From this experiment I did, I came to a conclusion that the metadata driven approach to handling historical data can meet the UX-defined time limits as long as we use the primary key value in the where clause.
Conclusion
If you always query againt a table using primary key values in the where clause, the metadata-driven approach to storing historical data is acceptable in terms of performance.
The downside of the approach is as follows:
1. Even though we can reduce the number of tables for historical data dramatically, we need more disk space in the long run.
2. It requires sophisticated index strategy and advanced-level query writers.
3. If you do not use a primary key value in the where clause, you will see an hourglass.
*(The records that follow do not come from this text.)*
lemma index_C_mat_1_pow:
  assumes "r < q - 1" and "c < q - 1"
  shows "(C_mat q t 1 ^\<^sub>m m) $$ (r, c) =
    (if r = 0 then (if c = 0 then (- t) ^ m else if c = 1 then (\<Sum>k<m. (- t) ^ k) else 0)
     else if r = c then 1 else 0)"
  using assms
proof (induction m arbitrary: r c)
  case 0
  then show ?case by simp
next
  case (Suc m)
  have "(C_mat q t 1 ^\<^sub>m Suc m) $$ (r, c) = (C_mat q t 1 * C_mat q t 1 ^\<^sub>m m) $$ (r, c)"
    by (simp only: pow_mat_Suc_left[OF C_mat_carrier])
  also have "\<dots> = (if r = 0 then - t * (C_mat q t 1 ^\<^sub>m m) $$ (0, c)
      + (if 1 < q - 1 then (C_mat q t 1 ^\<^sub>m m) $$ (1, c) else 0)
      else (C_mat q t 1 ^\<^sub>m m) $$ (r, c))"
    by (subst index_C_mat_mult[OF pow_carrier_mat[OF C_mat_carrier] Suc.prems]) simp
  also have "\<dots> = (if r = 0 then (if c = 0 then (- t) ^ Suc m
      else if c = 1 then (\<Sum>k<Suc m. (- t) ^ k) else 0)
     else if r = c then 1 else 0)"
    using Suc by (auto simp del: sum.lessThan_Suc simp: sum.lessThan_Suc_shift sum_distrib_left sum_negf)
  finally show ?case .
qed

definition braid_prefix_mat :: "nat \<Rightarrow> complex \<Rightarrow> nat \<Rightarrow> nat \<Rightarrow> complex mat" where
  "braid_prefix_mat q t m j = foldr (\<lambda>i M. C_mat q t i * M) (rev [2..<j]) (C_mat q t 1 ^\<^sub>m m)"

lemma braid_prefix_mat_Suc:
  "2 \<le> j \<Longrightarrow> braid_prefix_mat q t m (Suc j) = C_mat q t j * braid_prefix_mat q t m j"
  unfolding braid_prefix_mat_def by simp

lemma braid_prefix_mat_carrier: "braid_prefix_mat q t m j \<in> carrier_mat (q - 1) (q - 1)"
proof -
  have "foldr (\<lambda>i M. C_mat q t i * M) is (C_mat q t 1 ^\<^sub>m m) \<in> carrier_mat (q - 1) (q - 1)"
    for "is" unfolding carrier_mat_def by (induction "is") auto
  then show ?thesis unfolding braid_prefix_mat_def .
qed

definition braid_mat_entry :: "complex \<Rightarrow> nat \<Rightarrow> nat \<Rightarrow> nat \<Rightarrow> complex" where
  "braid_mat_entry t m r c =
     (if c = 0 then (- t) ^ m * t ^ r else 0)
   + (if c = 1 then t ^ r * ((\<Sum>k<m. (- t) ^ k) - (if 1 \<le> r then 1 else 0)) else 0)
   + (if 1 \<le> r \<and> c = r + 1 then 1 else 0)"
The advantage of the approach is as follows:
1.
It is very flexible so that you don't have to do anything against the
table for historical data when a column is added or dropped in the base
table.
Footnote
About
10 years ago I had taken a data modeling course offered by ENCORE. The
data model features presented at the start of this note were provided at
the course. The instructor's name was Jang HeeSik. I rarely used the
metadata-driven model in my career.
Addendum
The TO-BE model is based on the business requirement that the primary key value is never modified.
Added on 9, APRIL
I am afraid the conclusion I made was not reasonable. It was very hasty. I did not take the insert operation into account. If there are many inserts in base tables, the database system will not be able to handle contention in the table TOTAL_HISTORY. Surely, tests with real application transactions will be able to tell whether the TO-BE model is feasable. I have a hunch that the meta-data driven model can not take care of contention incurred by insert operations.